RECORD EXCERPTS Block Start

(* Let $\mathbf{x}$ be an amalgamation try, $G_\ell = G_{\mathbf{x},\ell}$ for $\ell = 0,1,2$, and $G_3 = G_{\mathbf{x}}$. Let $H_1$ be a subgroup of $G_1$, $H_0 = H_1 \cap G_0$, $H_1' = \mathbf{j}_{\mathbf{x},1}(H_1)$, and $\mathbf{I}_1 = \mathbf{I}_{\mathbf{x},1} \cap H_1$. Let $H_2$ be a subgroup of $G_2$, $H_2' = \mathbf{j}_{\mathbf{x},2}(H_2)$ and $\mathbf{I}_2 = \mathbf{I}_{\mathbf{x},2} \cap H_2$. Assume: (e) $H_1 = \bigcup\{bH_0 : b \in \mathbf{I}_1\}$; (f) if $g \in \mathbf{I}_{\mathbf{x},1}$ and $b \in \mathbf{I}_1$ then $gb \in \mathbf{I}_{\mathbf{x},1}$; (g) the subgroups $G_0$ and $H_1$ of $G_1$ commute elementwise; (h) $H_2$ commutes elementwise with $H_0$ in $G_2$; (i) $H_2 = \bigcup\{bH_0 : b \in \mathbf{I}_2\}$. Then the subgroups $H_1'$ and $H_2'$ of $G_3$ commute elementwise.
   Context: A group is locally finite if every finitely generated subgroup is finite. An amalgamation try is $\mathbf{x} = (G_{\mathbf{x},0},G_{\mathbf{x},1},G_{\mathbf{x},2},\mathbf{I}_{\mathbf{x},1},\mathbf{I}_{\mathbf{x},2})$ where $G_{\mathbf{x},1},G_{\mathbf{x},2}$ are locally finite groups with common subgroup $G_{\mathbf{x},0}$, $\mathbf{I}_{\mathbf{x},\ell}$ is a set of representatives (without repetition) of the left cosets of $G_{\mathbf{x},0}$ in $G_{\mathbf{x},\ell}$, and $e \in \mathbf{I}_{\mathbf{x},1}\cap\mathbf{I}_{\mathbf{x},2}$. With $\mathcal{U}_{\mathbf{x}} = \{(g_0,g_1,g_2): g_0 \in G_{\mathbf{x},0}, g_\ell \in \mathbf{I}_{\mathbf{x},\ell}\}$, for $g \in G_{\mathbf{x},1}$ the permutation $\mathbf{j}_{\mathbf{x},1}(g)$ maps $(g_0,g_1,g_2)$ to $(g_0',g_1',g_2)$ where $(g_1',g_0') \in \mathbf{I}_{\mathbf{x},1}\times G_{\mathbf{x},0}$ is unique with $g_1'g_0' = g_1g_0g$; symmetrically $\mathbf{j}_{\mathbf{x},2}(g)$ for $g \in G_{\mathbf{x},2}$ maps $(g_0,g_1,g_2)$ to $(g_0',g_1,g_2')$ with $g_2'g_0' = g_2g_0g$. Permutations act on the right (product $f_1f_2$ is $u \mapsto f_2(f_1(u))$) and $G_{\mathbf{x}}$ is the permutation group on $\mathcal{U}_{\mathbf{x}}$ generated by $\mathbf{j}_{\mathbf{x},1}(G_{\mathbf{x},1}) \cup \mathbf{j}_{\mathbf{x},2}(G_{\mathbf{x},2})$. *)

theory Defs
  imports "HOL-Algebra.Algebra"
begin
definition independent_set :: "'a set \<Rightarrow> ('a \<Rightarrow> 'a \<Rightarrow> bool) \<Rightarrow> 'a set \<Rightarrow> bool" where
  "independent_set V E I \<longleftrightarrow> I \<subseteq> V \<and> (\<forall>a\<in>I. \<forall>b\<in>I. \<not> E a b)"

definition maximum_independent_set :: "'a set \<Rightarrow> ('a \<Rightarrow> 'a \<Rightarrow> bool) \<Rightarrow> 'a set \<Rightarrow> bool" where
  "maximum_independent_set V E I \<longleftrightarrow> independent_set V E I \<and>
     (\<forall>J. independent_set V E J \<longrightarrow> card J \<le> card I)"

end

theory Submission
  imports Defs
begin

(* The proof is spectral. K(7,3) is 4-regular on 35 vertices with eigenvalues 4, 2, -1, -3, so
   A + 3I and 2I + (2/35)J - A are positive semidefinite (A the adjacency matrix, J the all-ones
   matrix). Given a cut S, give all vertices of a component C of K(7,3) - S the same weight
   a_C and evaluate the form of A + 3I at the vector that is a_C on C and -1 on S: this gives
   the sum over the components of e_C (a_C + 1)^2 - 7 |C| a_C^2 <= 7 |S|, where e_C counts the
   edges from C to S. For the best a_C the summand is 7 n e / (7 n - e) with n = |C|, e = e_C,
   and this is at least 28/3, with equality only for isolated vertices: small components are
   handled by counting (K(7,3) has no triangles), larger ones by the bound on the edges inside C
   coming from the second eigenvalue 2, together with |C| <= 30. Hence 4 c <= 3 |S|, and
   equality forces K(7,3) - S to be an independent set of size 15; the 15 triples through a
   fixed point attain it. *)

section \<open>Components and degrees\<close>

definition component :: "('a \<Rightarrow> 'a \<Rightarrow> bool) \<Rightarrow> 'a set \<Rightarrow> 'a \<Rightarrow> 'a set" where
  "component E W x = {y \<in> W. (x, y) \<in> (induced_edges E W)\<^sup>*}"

RECORD EXCERPTS Block End

**EXERCISE DESCRIPTION:** In the listing above, find the line holding "theory Submission" and the line holding "A + 3I and 2I", then output those two lines and every line between them exactly.

**SOLUTION BELOW:**
theory Submission
  imports Defs
begin

(* The proof is spectral. K(7,3) is 4-regular on 35 vertices with eigenvalues 4, 2, -1, -3, so
   A + 3I and 2I + (2/35)J - A are positive semidefinite (A the adjacency matrix, J the all-ones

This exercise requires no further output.